El hombre dijo que se creyó Dios. En la audiencia, al ser consultado por Massiotti porque había hecho eso, respondió que era para que los pacientes no sufrieran más.

¿Vos te creíste Dios, porque es Dios quien decide quien vive y quien muere?, le preguntó su abogada. "Si, me creí Dios, me equivoqué, lo hice porque no los podía ver sufrir más. Me equivoqué porque la vida de ellos no era la mía y me doy cuenta ahora de eso", respondió.

En su comparecencia ante el juzgado el enfermero, ex poilicía, tuvo que reconocer mediante fotos a los pacientes a quienes había aplicado oxígeno. Dijo que eran 11 en total y que no recuerda otros casos.

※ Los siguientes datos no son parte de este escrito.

(* Let $\{x_k\}$ be generated by the Subgradient-InexP method with the exogenous stepsize rule, under the standing assumptions. Then $\liminf_k f(x_k)=f^*$ (where $f^*=\inf_{x\in C}f(x)$, possibly $-\infty$). In addition, if $\Omega^*\neq\varnothing$, then $\{x_k\}$ converges to a point $x_*\in\Omega^*$.
   Context: Problem: minimize a convex $f:\mathbb{R}^n\to\mathbb{R}$ over a nonempty closed convex $C\subset\mathbb{R}^n$; $f^*:=\inf_{x\in C}f(x)$ and $\Omega^*$ is the (possibly empty) set of minimizers of $f$ on $C$. For $\epsilon\ge0$, $\partial_\epsilon f(x):=\{s: f(y)\ge f(x)+\langle s,y-x\rangle-\epsilon\ \forall y\}$. Relative error tolerance function: any $\varphi_{\gamma,\theta,\lambda}:(\mathbb{R}^n)^3\to[0,\infty)$ with $\varphi_{\gamma,\theta,\lambda}(u,v,w)\le\gamma\|v-u\|^2+\theta\|w-v\|^2+\lambda\|w-u\|^2$; for $u\in C$, $\mathcal{P}_C(\varphi_{\gamma,\theta,\lambda},u,v):=\{w\in C:\langle v-w,z-w\rangle\le\varphi_{\gamma,\theta,\lambda}(u,v,w)\ \forall z\in C\}$. Subgradient-InexP method: $x_0\in C$; at iteration $k$, if $0\in\partial f(x_k)$ stop; otherwise choose nonzero $s_k\in\partial_{\epsilon_k}f(x_k)$, stepsize $t_k>0$, and $x_{k+1}\in\mathcal{P}_C(\varphi_{\gamma_k,\theta_k,\lambda_k},x_k,x_k-t_ks_k)$. Standing assumptions: $\gamma_k\in[0,\bar\gamma)$, $\theta_k\in[0,\bar\theta)$, $\lambda_k\in[0,\bar\lambda)$ with $\bar\gamma\ge0$, $\bar\theta,\bar\lambda\in[0,1/2)$; the sequence is infinite. Exogenous stepsize rule: $\mu\ge0$; $\{\alpha_k\}$, $\{\epsilon_k\}$ nonnegative, $\{\epsilon_k\}$ nonincreasing, $\sum_k\alpha_k=+\infty$, $\sum_k\alpha_k^2<+\infty$, $\epsilon_k\le\mu\alpha_k$; $t_k:=\alpha_k/\eta_k$, $\eta_k:=\max\{1,\|s_k\|\}$. *)

theory Defs
  imports "HOL-Analysis.Analysis"
begin

definition eps_subdiff :: "('a::real_inner \<Rightarrow> real) \<Rightarrow> real \<Rightarrow> 'a \<Rightarrow> 'a set" where
  "eps_subdiff f \<epsilon> x = {s. \<forall>y. f y \<ge> f x + inner s (y - x) - \<epsilon>}"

Massiotti asegura que su defendido carga con una historia de vida muy fuerte. Fue violado por su cuñado a los 15 años y sus padres no lo reconocen hasta ahora. Igualmente aclaró que los médicos que declararon ante la Justicia lo calificaron como "un excelente funcionario".

La abogada también dijo a Subrayado que había comunicación entre los dos enfermeros y que se mandaban mensajes de texto. En uno de ellos, su defendido le pidió a su colega que no lo incriminara ante la Justicia.

El caso de Acevedo es distinto al de Pereyra. Según las primeras declaraciones el enfermero que también trabaja en el Hospital Maciel no mostró arrepentimiento.

Massioti dijo que incluso llegó a declarar que tenía que bañar a los pacientes cada cinco minutos y que eso le molestaba.